Mairen and Torn step forward, flanking Bree protectively. Their son Kellan moves with them, young face set with determination.

“Don’t,” someone hisses from the crowd. “Don’t make it worse.”

Hands grab at them, pulling them back. Neighbors who sought sanctuary together now choosing safety over solidarity.

“Please,” Mairen whispers as she’s dragged away from Bree’s side. “She’s just a girl.”

But the fear is too strong. One by one, the people who came here seeking protection choose to protect themselves instead.

I know what’s coming now. I wish I didn’t.

Gray’s transformation starts violent and desperate. Bone cracks and reshapes beneath his skin. Fur erupts along his arms in patches of white. His eyes go completely inhuman, wild and feral.

Phil watches with mild interest, then flicks his wrist.

Gray crumples mid-shift, gasping as the magic forces his body back to human form. The incomplete transformation leaves him writhing on the ground, caught between shapes and in agony.

“Uncontrolled,” Phil observes. “Pathetic, really.”

Rhett’s fury ignites the air around him. Heat waves ripple outward, scorching the grass at his feet. The temperature spikes so fast that people near him stumble backward, sweat beading on their foreheads.

Phil just laughs.

“Wild magic,” he says dismissively. “No finesse. No discipline.”

The flames gutter out like someone blew out a candle.

Jace’s knives lift from their sheaths, spinning in tight circles as air currents catch them. His power builds, ready to send them flying—

They clatter to the ground.

“Did you really think parlor tricks would work on me?” Phil’s voice carries genuine amusement. “I’ve been hunting your kind for decades, boy.”

Wes moves last.

His hunger surges outward, but not to feed. Instead, it carries emotion—raw, desperate feeling that crashes over the entire crowd like a wave. Fear and grief and longing so pure it takes my breath away.

For a moment, everyone feels it. The weight of what we’re losing. The desperation of watching someone you care about slip away.
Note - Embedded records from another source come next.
(* Let $\gamma\in(0,1)$ and $c,l>0$, and let $\beta=\frac{7}{40}$. Let $\{a_n\}_{n\in\mathbb{N}}$ be a sequence of positive numbers such that $\sum_{n=1}^\infty a_n^\gamma$ converges, $a=\sum_{n=1}^\infty a_n<l$, and $$\sum_{n=1}^\infty a_n^\gamma\le c\left(\frac{2-\gamma}{\gamma}\right)^{\frac{\gamma-2}{2}}\beta^{-\frac{\gamma}{2}}.$$ Let $g$ be the function constructed from $\{a_n\}$ as below. Then $g$ is non-negative, even, of positive type, supported in $[-l,l]$, and $$\hat g(k)\ge e^{-c|k|^\gamma}\qquad\text{for all }k\in\mathbb{R}.$$
   Context: Let $\eta(x)=\frac32(1-|x|)^2$ for $|x|\le1$ and $\eta(x)=0$ otherwise. Given a positive summable sequence $\{a_n\}$, set $\eta_n(x)=\frac{1}{a_n}\eta(x/a_n)$, $g_1=\eta_1$, $g_{n+1}=g_n*\eta_{n+1}$; the $g_n$ converge uniformly to a smooth compactly supported function $g$. Fourier transform: $\hat f(k)=\int e^{-ikx}f(x)\,\mathrm{d}x$; $f$ is of positive type iff $\hat f\ge0$. *)

theory Defs
  imports "HOL-Analysis.Analysis"
begin

definition eta :: "real \<Rightarrow> real" where
  "eta x = (if \<bar>x\<bar> \<le> 1 then 3/2 * (1 - \<bar>x\<bar>)^2 else 0)"

text \<open>eta_n(x) = (1/a_n) eta(x/a_n); the sequence a is 1-indexed (a 0 is unused).\<close>
definition eta_n :: "(nat \<Rightarrow> real) \<Rightarrow> nat \<Rightarrow> real \<Rightarrow> real" where
  "eta_n a n x = (1 / a n) * eta (x / a n)"

definition conv :: "(real \<Rightarrow> real) \<Rightarrow> (real \<Rightarrow> real) \<Rightarrow> real \<Rightarrow> real" where
  "conv f h x = (LINT y|lborel. f (x - y) * h y)"

text \<open>gs a n = g_{n+1}: g_1 = eta_1, g_{n+1} = g_n * eta_{n+1}.\<close>
primrec gs :: "(nat \<Rightarrow> real) \<Rightarrow> nat \<Rightarrow> real \<Rightarrow> real" where
  "gs a 0 = eta_n a 1"
| "gs a (Suc n) = conv (gs a n) (eta_n a (n + 2))"

definition g_lim :: "(nat \<Rightarrow> real) \<Rightarrow> real \<Rightarrow> real" where
  "g_lim a x = lim (\<lambda>n. gs a n x)"

definition fourier :: "(real \<Rightarrow> real) \<Rightarrow> real \<Rightarrow> complex" where
  "fourier f k = integral\<^sup>L lborel (\<lambda>x. exp (- (\<i> * complex_of_real (k * x))) * complex_of_real (f x))"

definition positive_type :: "(real \<Rightarrow> real) \<Rightarrow> bool" where
  "positive_type f \<longleftrightarrow> (\<forall>k. Im (fourier f k) = 0 \<and> Re (fourier f k) \<ge> 0)"

end

theory Submission
  imports Defs
begin

text \<open>
  The Fourier transform of \<open>\<eta>\<close> is \<open>eta_hat k = 6 (k - sin k) / k^3\<close>. The elementary
  inequality \<open>k^3 \<le> 6 (1 + 7/40 k^2) (k - sin k)\<close> for \<open>k \<ge> 0\<close> gives
  \<open>eta_hat k \<ge> 1 / (1 + 7/40 k^2)\<close>, and \<open>ln (1 + u) \<le> C u powr (\<gamma>/2)\<close>, a consequence of
  Young's inequality, turns this into \<open>eta_hat k \<ge> exp (- K |k| powr \<gamma>)\<close>. Convolution
  multiplies Fourier transforms, so the transform of \<open>g\<^sub>n\<close> is \<open>\<Prod>\<^sub>j eta_hat (a\<^sub>j k)\<close>, which is
  at least \<open>exp (- K (\<Sum>\<^sub>j a\<^sub>j powr \<gamma>) |k| powr \<gamma>)\<close>; the hypothesis on \<open>\<Sum>\<^sub>j a\<^sub>j powr \<gamma>\<close>
  says precisely \<open>K \<Sum>\<^sub>j a\<^sub>j powr \<gamma> \<le> c\<close>.

  All \<open>g\<^sub>n\<close> are non-negative, even, bounded by \<open>3 / (2 a\<^sub>1)\<close>, \<open>3 / a\<^sub>1^2\<close>-Lipschitz and vanish
  outside \<open>[-\<Sum> a\<^sub>j, \<Sum> a\<^sub>j]\<close>. Convolving an \<open>L\<close>-Lipschitz function with \<open>\<eta>\<^sub>n\<close> moves it by
  at most \<open>L a\<^sub>n\<close>, so the \<open>g\<^sub>n\<close> converge; these properties pass to the limit, and so does
  the bound on the Fourier transform, by dominated convergence.
\<close>

section \<open>The inequality \<open>t\<^sup>3 \<le> 6 (1 + 7/40 t\<^sup>2) (t - sin t)\<close>\<close>

lemma sin_le_taylor6: "sin (t::real) \<le> t - t^3/6 + t^5/120 + t^6/720"
proof -
  have "\<bar>sin t - (\<Sum>m<6. sin_coeff m * t ^ m)\<bar> \<le> inverse (fact 6) * \<bar>t\<bar> ^ 6"
    by (rule Maclaurin_sin_bound)
  moreover have "(\<Sum>m<6. sin_coeff m * t ^ m) = t - t^3/6 + t^5/120"
    by (simp add: sin_coeff_def lessThan_nat_numeral fact_numeral)
  moreover have "\<bar>t\<bar>^6 = t^6" by (simp add: power_even_abs)
  ultimately have "\<bar>sin t - (t - t^3/6 + t^5/120)\<bar> \<le> t^6/720" by (simp add: fact_numeral)
  then show ?thesis by linarith
qed

lemma cos_le_taylor6: "cos (y::real) \<le> 1 - y^2/2 + y^4/24 + y^6/720"
proof -
  obtain t where t: "cos y = (\<Sum>m<6. cos_coeff m * y ^ m) + cos (t + 1/2 * real 6 * pi) / fact 6 * y ^ 6"
    using Maclaurin_cos_expansion[of y 6] by blast
  have "(\<Sum>m<6. cos_coeff m * y ^ m) = 1 - y^2/2 + y^4/24"
    by (simp add: cos_coeff_def lessThan_nat_numeral fact_numeral)
  moreover have "cos (t + 1/2 * real 6 * pi) * y^6 \<le> 1 * y^6"
    by (intro mult_right_mono) (auto simp: zero_le_power_eq)
  ultimately show ?thesis using t by (simp add: fact_numeral)
qed
lemma
  fixes f :: "'a \<Rightarrow> real"
  assumes K: "K \<in> N \<rightarrow>\<^sub>M subprob_algebra M" and M: "M = N \<bind> K"
    and f[measurable]: "f \<in> borel_measurable M" and int: "integrable M f"
  shows integrable_integral_bind_kernel: "integrable N (\<lambda>w. integral\<^sup>L (K w) f)"
    and integral_bind_kernel: "(\<integral>w. integral\<^sup>L (K w) f \<partial>N) = integral\<^sup>L M f"
proof -
  define f_plus where "f_plus x = max (f x) 0" for x
  define f_minus where "f_minus x = max (- f x) 0" for x
  have [measurable]: "f_plus \<in> borel_measurable M" "f_minus \<in> borel_measurable M"
    unfolding f_plus_def f_minus_def by measurable
  have int_pm: "integrable M f_plus" "integrable M f_minus"
    unfolding f_plus_def f_minus_def using int by auto
  have f_eq: "f = (\<lambda>x. f_plus x - f_minus x)"
    unfolding f_plus_def f_minus_def by auto
  note pos = integral_bind_kernel_nonneg[OF K M _ _ int_pm(1)]
    and neg = integral_bind_kernel_nonneg[OF K M _ _ int_pm(2)]
  have "AE w in N. integrable (K w) f_plus" "AE w in N. integrable (K w) f_minus"
    by (rule pos neg; simp add: f_plus_def f_minus_def)+
  then have AE_split: "AE w in N. integral\<^sup>L (K w) f = integral\<^sup>L (K w) f_plus - integral\<^sup>L (K w) f_minus"
    by eventually_elim (simp add: f_eq)
  have int_N: "integrable N (\<lambda>w. integral\<^sup>L (K w) f_plus)" "integrable N (\<lambda>w. integral\<^sup>L (K w) f_minus)"
    by (rule pos neg; simp add: f_plus_def f_minus_def)+
  have meas: "(\<lambda>w. integral\<^sup>L (K w) f) \<in> borel_measurable N"
    using measurable_compose[OF K integral_measurable_subprob_algebra[OF f]] .
  show "integrable N (\<lambda>w. integral\<^sup>L (K w) f)"
    by (rule integrable_cong_AE_imp[OF Bochner_Integration.integrable_diff[OF int_N] meas])
      (use AE_split in auto)
  have "(\<integral>w. integral\<^sup>L (K w) f \<partial>N) = (\<integral>w. integral\<^sup>L (K w) f_plus - integral\<^sup>L (K w) f_minus \<partial>N)"
    using AE_split meas int_N by (intro integral_cong_AE) auto
  also have "\<dots> = integral\<^sup>L M f_plus - integral\<^sup>L M f_minus"
    using int_N pos(3) neg(3) by (simp add: f_plus_def f_minus_def)
  also have "\<dots> = integral\<^sup>L M f"
    using int_pm by (simp add: f_eq)
  finally show "(\<integral>w. integral\<^sup>L (K w) f \<partial>N) = integral\<^sup>L M f" .
qed

lemma is_rcp_kernel: "is_rcp M W \<kappa> \<Longrightarrow> \<kappa> \<in> borel \<rightarrow>\<^sub>M subprob_algebra M"
  unfolding is_rcp_def using measurable_prob_algebraD by blast

lemma bind_rcp:
  assumes rcp: "is_rcp M W \<kappa>"
  shows "M = distr M borel W \<bind> \<kappa>"
proof (rule measure_eqI)
  have \<kappa>: "\<kappa> \<in> distr M borel W \<rightarrow>\<^sub>M subprob_algebra M"
    using is_rcp_kernel[OF rcp] by (simp add: measurable_cong_sets[OF sets_distr refl])
  then show "sets M = sets (distr M borel W \<bind> \<kappa>)"
    by (simp add: sets_bind_measurable)
  fix E assume E: "E \<in> sets M"
  then have "emeasure M E = emeasure M (E \<inter> W -` UNIV \<inter> space M)"
    using sets.sets_into_space by (simp add: Int_absorb2)
  also have "\<dots> = (\<integral>\<^sup>+w\<in>UNIV. emeasure (\<kappa> w) E \<partial>distr M borel W)"
    using rcp E sets.top[of borel] unfolding is_rcp_def space_borel by blast
  also have "\<dots> = emeasure (distr M borel W \<bind> \<kappa>) E"
    by (simp add: emeasure_bind[OF _ \<kappa> E])
  finally show "emeasure M E = emeasure (distr M borel W \<bind> \<kappa>) E" .
qed
lemma mem_std_simplex_iff: "(y::real^'n) \<in> std_simplex \<longleftrightarrow> (\<forall>i. 0 \<le> y $ i) \<and> (\<Sum>i\<in>UNIV. y $ i) \<le> 1"
proof -
  have "(\<Sum>b\<in>(Basis::(real^'n) set). y \<bullet> b) = (\<Sum>i\<in>UNIV. y $ i)"
  proof -
    have "(Basis::(real^'n) set) = range (\<lambda>i. axis i 1)" by (auto simp: Basis_vec_def)
    moreover have "inj (\<lambda>i::'n. (axis i 1 :: real^'n))" by (auto simp: inj_on_def axis_eq_axis)
    ultimately show ?thesis using sum.reindex[of "\<lambda>i. axis i 1" UNIV "(\<bullet>) y"]
      by (simp add: o_def inner_axis)
  qed
  then show ?thesis
    unfolding std_simplex_eq std_simplex by (auto simp: Basis_vec_def inner_axis)
qed

lemma lattice_pts_in_std_simplex:
  assumes y: "(y::real^'n) \<in> std_simplex" "y \<in> lattice_pts"
  shows "y \<in> insert 0 Basis"
proof (cases "y = 0")
  case False
  then obtain j where j: "y $ j \<noteq> 0" by (metis vec_eq_iff zero_index)
  have nonneg: "\<forall>i. 0 \<le> y $ i" and sum_le: "(\<Sum>i\<in>UNIV. y $ i) \<le> 1"
    using y(1) mem_std_simplex_iff by blast+
  have "y $ j \<in> \<int>" using y(2) by (simp add: lattice_pts_def)
  moreover have "y $ j > 0" using nonneg j by (metis less_eq_real_def)
  ultimately have "y $ j \<ge> 1" by (rule Ints_ge_1_if_pos)
  moreover have "(\<Sum>i\<in>UNIV. y $ i) = y $ j + (\<Sum>i\<in>UNIV - {j}. y $ i)" by (simp add: sum.remove)
  moreover have "(\<Sum>i\<in>UNIV - {j}. y $ i) \<ge> 0" using nonneg by (simp add: sum_nonneg)
  ultimately have "y $ j = 1" "(\<Sum>i\<in>UNIV - {j}. y $ i) = 0" using sum_le by linarith+
  moreover have "\<forall>i\<in>UNIV - {j}. y $ i = 0"
    using calculation(2) nonneg sum_nonneg_eq_0_iff[of "UNIV - {j}" "\<lambda>i. y $ i"] by simp
  ultimately have "y = axis j 1" by (auto simp: vec_eq_iff axis_def)
  then show ?thesis by (auto simp: Basis_vec_def)
qed simp

lemma convex_hull_matrix_affine_image:
  fixes A :: "real^'n^'n"
  shows "(\<lambda>x. A *v x + t) ` (convex hull S) = convex hull ((\<lambda>x. A *v x + t) ` S)"
proof -
  have "(\<lambda>x. A *v x + t) ` T = (\<lambda>x. t + x) ` ((*v) A ` T)" for T
    by (auto simp: image_iff add.commute)
  then show ?thesis
    by (simp add: convex_hull_linear_image convex_hull_translation)
qed

subsection \<open>Full-dimensional lattice polytopes and their facets\<close>

locale full_lattice_polytope =
  fixes P :: "(real^'n) set"
  assumes lattice_polytope: "lattice_polytope P" and full_dim: "aff_dim P = int CARD('n)"
begin

lemma polytope: "polytope P"
  using lattice_polytope by (auto simp: lattice_polytope_def polytope_def)

lemma compact: "compact P" using polytope polytope_imp_compact by blast
lemma convex: "convex P" using polytope polytope_imp_convex by blast
lemma polyhedron: "polyhedron P" using polytope polytope_imp_polyhedron by blast
lemma nonempty: "P \<noteq> {}" using full_dim by auto

lemma finite_facets: "finite {F. F facet_of P}"
  using finite_polyhedron_facets[OF polyhedron] .

lemma extreme_point_exists: obtains m where "m extreme_point_of P"
  using extreme_point_exists_convex[OF compact convex nonempty] by blast

lemma extreme_points_finite_lattice:
  shows "finite {v. v extreme_point_of P}" and "{v. v extreme_point_of P} \<subseteq> lattice_pts"
proof -
  obtain V where "finite V" "V \<subseteq> lattice_pts" "P = convex hull V"
    using lattice_polytope by (auto simp: lattice_polytope_def)
  then have "{v. v extreme_point_of P} \<subseteq> V" using extreme_point_of_convex_hull by blast
  then show "finite {v. v extreme_point_of P}" "{v. v extreme_point_of P} \<subseteq> lattice_pts"
    using \<open>finite V\<close> \<open>V \<subseteq> lattice_pts\<close> finite_subset by blast+
qed

lemma extreme_point_in_lattice_pts: "v extreme_point_of P \<Longrightarrow> v \<in> lattice_pts"
  using extreme_points_finite_lattice by blast

lemma facet_aff_dim: "F facet_of P \<Longrightarrow> aff_dim F = int CARD('n) - 1"
  using full_dim by (simp add: facet_of_def)

lemma affine_hull_facet:
  assumes F: "F facet_of P" and a: "a \<noteq> 0" and F_eq: "F = P \<inter> {x. a \<bullet> x = b}"
  shows "affine hull F = {x. a \<bullet> x = b}"
proof (rule affine_dim_equal)
  show "affine (affine hull F)" "affine {x. a \<bullet> x = b}" by (simp_all add: affine_hyperplane)
  show "affine hull F \<noteq> {}" using F by (simp add: facet_of_def)
  show "affine hull F \<subseteq> {x. a \<bullet> x = b}"
    using F_eq by (intro hull_minimal) (auto simp: affine_hyperplane)
  show "aff_dim (affine hull F) = aff_dim {x. a \<bullet> x = b}"
    using facet_aff_dim[OF F] a by simp
qed

text \<open>The affine hull of a facet is spanned by \<open>n\<close> of its vertices, and some vertex of \<open>P\<close> lies
  off it; all of these are lattice points.\<close>

lemma facet_lattice_normal_exists:
  assumes F: "F facet_of P"
  obtains r c where "r \<in> lattice_pts" "r \<noteq> 0" "\<And>x. x \<in> F \<Longrightarrow> r \<bullet> x = c"
proof -
  have "F face_of P" using F facet_of_imp_face_of by blast
  define E where "E = {x. x extreme_point_of F}"
  have E: "E \<subseteq> {v. v extreme_point_of P}"
    using extreme_point_of_face[OF \<open>F face_of P\<close>] by (auto simp: E_def)
  have "F = convex hull E"
    unfolding E_def using Krein_Milman_Minkowski face_of_imp_compact[OF convex compact \<open>F face_of P\<close>]
      face_of_imp_convex[OF \<open>F face_of P\<close>] by blast
  obtain B where "B \<subseteq> E" and B_indep: "\<not> affine_dependent B" and "affine hull E = affine hull B"
    using affine_basis_exists[of E] by blast
  then have hull_FB: "affine hull F = affine hull B" using \<open>F = convex hull E\<close> by simp
  have B_lattice: "finite B" "B \<subseteq> lattice_pts"
    using \<open>B \<subseteq> E\<close> E extreme_points_finite_lattice by (auto intro: finite_subset)
  have "aff_dim B = int CARD('n) - 1"
    using facet_aff_dim[OF F] aff_dim_affine_hull[of F] aff_dim_affine_hull[of B] hull_FB by simp
  then have card_B: "card B = CARD('n)" using aff_dim_affine_independent[OF B_indep] by linarith
  obtain w where w: "w extreme_point_of P" "w \<notin> affine hull F"
  proof (rule ccontr)
    assume "\<not> thesis"
    then have "{v. v extreme_point_of P} \<subseteq> affine hull F" using that by blast
    then have "P \<subseteq> affine hull F"
      using Krein_Milman_Minkowski[OF compact convex] convex_hull_subset_affine_hull
      by (metis (no_types, lifting) hull_minimal affine_affine_hull subset_trans)
    then have "aff_dim P \<le> aff_dim (affine hull F)" by (rule aff_dim_subset)
    then show False using full_dim facet_aff_dim[OF F] by simp
  qed
  obtain r c where "r \<in> lattice_pts" "r \<noteq> 0" "\<And>x. x \<in> affine hull B \<Longrightarrow> r \<bullet> x = c"
    using lattice_hyperplane_normal_exists[OF B_lattice B_indep card_B
        extreme_point_in_lattice_pts[OF w(1)]] w(2) hull_FB by metis
  then show ?thesis using that hull_FB hull_inc by metis
qed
People gasp. Some stagger. Even Phil pauses, his confident expression flickering.

“Daddy doesn’t care about feelings, parasite,” he says after a beat, but there’s less certainty in his voice now.

Wes collapses to his knees, drained by the effort.

I watch it all with growing horror. Each attempt, each failure, building a wall of helplessness that threatens to bury us all.

But my mind is already moving past the immediate crisis, cataloging what Phil doesn’t know:

He crossed onto sanctuary ground minutes ago. Stepped right over the boundary like it was meaningless.

The Ether around Bree isn’t just convulsing—it’s reaching. Stretching toward something beneath our feet.

The sanctuary itself is stirring. Not just the building, but the land. The stones in the walls hum with energy I’ve never felt before. The trees in the garden lean inward like they’re listening.

Phil thinks he’s won because he overpowered us individually.

But he doesn’t understand what he’s really facing.

Seth’s grip tightens on Bree’s arms, and she looks up at him with such devastation that something breaks in my chest. The betrayal is written across her face in stark, brutal lines.

But underneath the hurt, I see something else.

The same thing I felt when she touched the crown in the attic bedroom. When the voice called her queen and power flooded through her like recognition.

She’s not just standing on sanctuary ground.

She’s standing on land that belongs to her.

And it’s starting to remember.

The air tastes metallic, like a storm breaking. The soil itself hums under my boots with barely contained power.

Our eyes meet across the space between us. Hers are bright with unshed tears and dark with fury. But there’s something deeper there too. Something that makes the air around us thrum with possibility.

He stepped onto your domain, I repeat, and somehow I think she hears it. Now show him what that means.